— ACTIVITY —
Give back the whole listing below exactly.

— TASK INPUTS —
lemma expectation_zvec_sq:
  assumes "i \<in> {1..d}"
  shows "measure_pmf.expectation P (\<lambda>B. (zvec d P x w B i)\<^sup>2)
           = (\<Sum>j\<in>{1..d}. \<Sum>l\<in>{1..d}. (x i * x j * w j) * (x i * x l * w l)
                 * (incl {i, j, l} / (incl {i, j} * incl {i, l}) - 1))"
proof -
  have "measure_pmf.expectation P (\<lambda>B. (zvec d P x w B i)\<^sup>2)
      = measure_pmf.expectation P (\<lambda>B. \<Sum>j\<in>{1..d}. \<Sum>l\<in>{1..d}.
          (x i * x j * w j) * (x i * x l * w l) * ((hweight i j B - 1) * (hweight i l B - 1)))"
    unfolding zvec_eq power2_eq_square sum_product by (simp add: algebra_simps)
  then show ?thesis
    using expectation_hweight_deviations[OF assms] by (simp add: integrable_SAMPLING)
qed

lemma zvec_second_moment_le:
  assumes x: "\<forall>j\<in>{1..d}. \<bar>x j\<bar> \<le> 1" and i: "i \<in> {1..d}"
  shows "measure_pmf.expectation P (\<lambda>B. (zvec d P x w B i)\<^sup>2) \<le> 2 * (l1norm d w)\<^sup>2 / \<beta> 1"
proof -
  define a where "a j = x i * x j * w j" for j
  define R where "R j l = incl {i, j, l} / (incl {i, j} * incl {i, l})" for j l
  have "measure_pmf.expectation P (\<lambda>B. (zvec d P x w B i)\<^sup>2)
          = (\<Sum>j\<in>{1..d}. \<Sum>l\<in>{1..d}. (a j * a l) * R j l) - (\<Sum>j\<in>{1..d}. a j)\<^sup>2"
  proof -
    have "(\<Sum>j\<in>{1..d}. \<Sum>l\<in>{1..d}. (a j * a l) * (R j l - 1))
            = (\<Sum>j\<in>{1..d}. \<Sum>l\<in>{1..d}. (a j * a l) * R j l) - (\<Sum>j\<in>{1..d}. a j)\<^sup>2"
      by (simp add: algebra_simps sum_subtractf power2_eq_square sum_product)
    then show ?thesis unfolding expectation_zvec_sq[OF i] a_def R_def .
  qed
  also have "\<dots> \<le> (\<Sum>j\<in>{1..d}. \<Sum>l\<in>{1..d}. \<bar>w j\<bar> * \<bar>w l\<bar> * R j l)"
  proof -
    have "a j * a l * R j l \<le> \<bar>w j\<bar> * \<bar>w l\<bar> * R j l" if "j \<in> {1..d}" "l \<in> {1..d}" for j l
    proof -
      have "\<bar>a j\<bar> \<le> \<bar>w j\<bar>" "\<bar>a l\<bar> \<le> \<bar>w l\<bar>"
        using x i that by (auto simp: a_def abs_mult intro!: mult_left_le_one_le mult_le_one)
      then have "\<bar>a j\<bar> * \<bar>a l\<bar> \<le> \<bar>w j\<bar> * \<bar>w l\<bar>"
        by (intro mult_mono) auto
      then have "a j * a l \<le> \<bar>w j\<bar> * \<bar>w l\<bar>"
        by (metis abs_ge_self abs_mult order_trans)
      then show ?thesis by (intro mult_right_mono) (simp_all add: R_def incl_nonneg)
    qed
    then have "(\<Sum>j\<in>{1..d}. \<Sum>l\<in>{1..d}. (a j * a l) * R j l)
                 \<le> (\<Sum>j\<in>{1..d}. \<Sum>l\<in>{1..d}. \<bar>w j\<bar> * \<bar>w l\<bar> * R j l)"
      by (intro sum_mono) auto
    then show ?thesis using zero_le_power2[of "\<Sum>j\<in>{1..d}. a j"] by linarith
  qed
  also have "\<dots> \<le> (\<Sum>j\<in>{1..d}. \<Sum>l\<in>{1..d}.
      \<bar>w j\<bar> * \<bar>w l\<bar> / \<beta> 1 + (if j = l then \<bar>w j\<bar> * l1norm d w / \<beta> 1 else 0))"
    using weighted_incl_ratio_le[OF i] unfolding R_def by (intro sum_mono) auto
  also have "\<dots> = (\<Sum>j\<in>{1..d}. \<Sum>l\<in>{1..d}. \<bar>w j\<bar> * \<bar>w l\<bar>) / \<beta> 1
                     + (\<Sum>j\<in>{1..d}. \<bar>w j\<bar>) * l1norm d w / \<beta> 1"
    by (simp add: sum.distrib sum_divide_distrib sum_distrib_right)
  also have "\<dots> = 2 * (l1norm d w)\<^sup>2 / \<beta> 1"
    by (simp add: l1norm_def power2_eq_square sum_product)
  finally show ?thesis .
qed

— RESULT —
lemma expectation_zvec_sq:
  assumes "i \<in> {1..d}"
  shows "measure_pmf.expectation P (\<lambda>B. (zvec d P x w B i)\<^sup>2)
           = (\<Sum>j\<in>{1..d}. \<Sum>l\<in>{1..d}. (x i * x j * w j) * (x i * x l * w l)
                 * (incl {i, j, l} / (incl {i, j} * incl {i, l}) - 1))"
proof -
  have "measure_pmf.expectation P (\<lambda>B. (zvec d P x w B i)\<^sup>2)
      = measure_pmf.expectation P (\<lambda>B. \<Sum>j\<in>{1..d}. \<Sum>l\<in>{1..d}.
          (x i * x j * w j) * (x i * x l * w l) * ((hweight i j B - 1) * (hweight i l B - 1)))"
    unfolding zvec_eq power2_eq_square sum_product by (simp add: algebra_simps)
  then show ?thesis
    using expectation_hweight_deviations[OF assms] by (simp add: integrable_SAMPLING)
qed

lemma zvec_second_moment_le:
  assumes x: "\<forall>j\<in>{1..d}. \<bar>x j\<bar> \<le> 1" and i: "i \<in> {1..d}"
  shows "measure_pmf.expectation P (\<lambda>B. (zvec d P x w B i)\<^sup>2) \<le> 2 * (l1norm d w)\<^sup>2 / \<beta> 1"
proof -
  define a where "a j = x i * x j * w j" for j
  define R where "R j l = incl {i, j, l} / (incl {i, j} * incl {i, l})" for j l
  have "measure_pmf.expectation P (\<lambda>B. (zvec d P x w B i)\<^sup>2)
          = (\<Sum>j\<in>{1..d}. \<Sum>l\<in>{1..d}. (a j * a l) * R j l) - (\<Sum>j\<in>{1..d}. a j)\<^sup>2"
  proof -
    have "(\<Sum>j\<in>{1..d}. \<Sum>l\<in>{1..d}. (a j * a l) * (R j l - 1))
            = (\<Sum>j\<in>{1..d}. \<Sum>l\<in>{1..d}. (a j * a l) * R j l) - (\<Sum>j\<in>{1..d}. a j)\<^sup>2"
      by (simp add: algebra_simps sum_subtractf power2_eq_square sum_product)
    then show ?thesis unfolding expectation_zvec_sq[OF i] a_def R_def .
  qed
  also have "\<dots> \<le> (\<Sum>j\<in>{1..d}. \<Sum>l\<in>{1..d}. \<bar>w j\<bar> * \<bar>w l\<bar> * R j l)"
  proof -
    have "a j * a l * R j l \<le> \<bar>w j\<bar> * \<bar>w l\<bar> * R j l" if "j \<in> {1..d}" "l \<in> {1..d}" for j l
    proof -
      have "\<bar>a j\<bar> \<le> \<bar>w j\<bar>" "\<bar>a l\<bar> \<le> \<bar>w l\<bar>"
        using x i that by (auto simp: a_def abs_mult intro!: mult_left_le_one_le mult_le_one)
      then have "\<bar>a j\<bar> * \<bar>a l\<bar> \<le> \<bar>w j\<bar> * \<bar>w l\<bar>"
        by (intro mult_mono) auto
      then have "a j * a l \<le> \<bar>w j\<bar> * \<bar>w l\<bar>"
        by (metis abs_ge_self abs_mult order_trans)
      then show ?thesis by (intro mult_right_mono) (simp_all add: R_def incl_nonneg)
    qed
    then have "(\<Sum>j\<in>{1..d}. \<Sum>l\<in>{1..d}. (a j * a l) * R j l)
                 \<le> (\<Sum>j\<in>{1..d}. \<Sum>l\<in>{1..d}. \<bar>w j\<bar> * \<bar>w l\<bar> * R j l)"
      by (intro sum_mono) auto
    then show ?thesis using zero_le_power2[of "\<Sum>j\<in>{1..d}. a j"] by linarith
  qed
  also have "\<dots> \<le> (\<Sum>j\<in>{1..d}. \<Sum>l\<in>{1..d}.
      \<bar>w j\<bar> * \<bar>w l\<bar> / \<beta> 1 + (if j = l then \<bar>w j\<bar> * l1norm d w / \<beta> 1 else 0))"
    using weighted_incl_ratio_le[OF i] unfolding R_def by (intro sum_mono) auto
  also have "\<dots> = (\<Sum>j\<in>{1..d}. \<Sum>l\<in>{1..d}. \<bar>w j\<bar> * \<bar>w l\<bar>) / \<beta> 1
                     + (\<Sum>j\<in>{1..d}. \<bar>w j\<bar>) * l1norm d w / \<beta> 1"
    by (simp add: sum.distrib sum_divide_distrib sum_distrib_right)
  also have "\<dots> = 2 * (l1norm d w)\<^sup>2 / \<beta> 1"
    by (simp add: l1norm_def power2_eq_square sum_product)
  finally show ?thesis .
qed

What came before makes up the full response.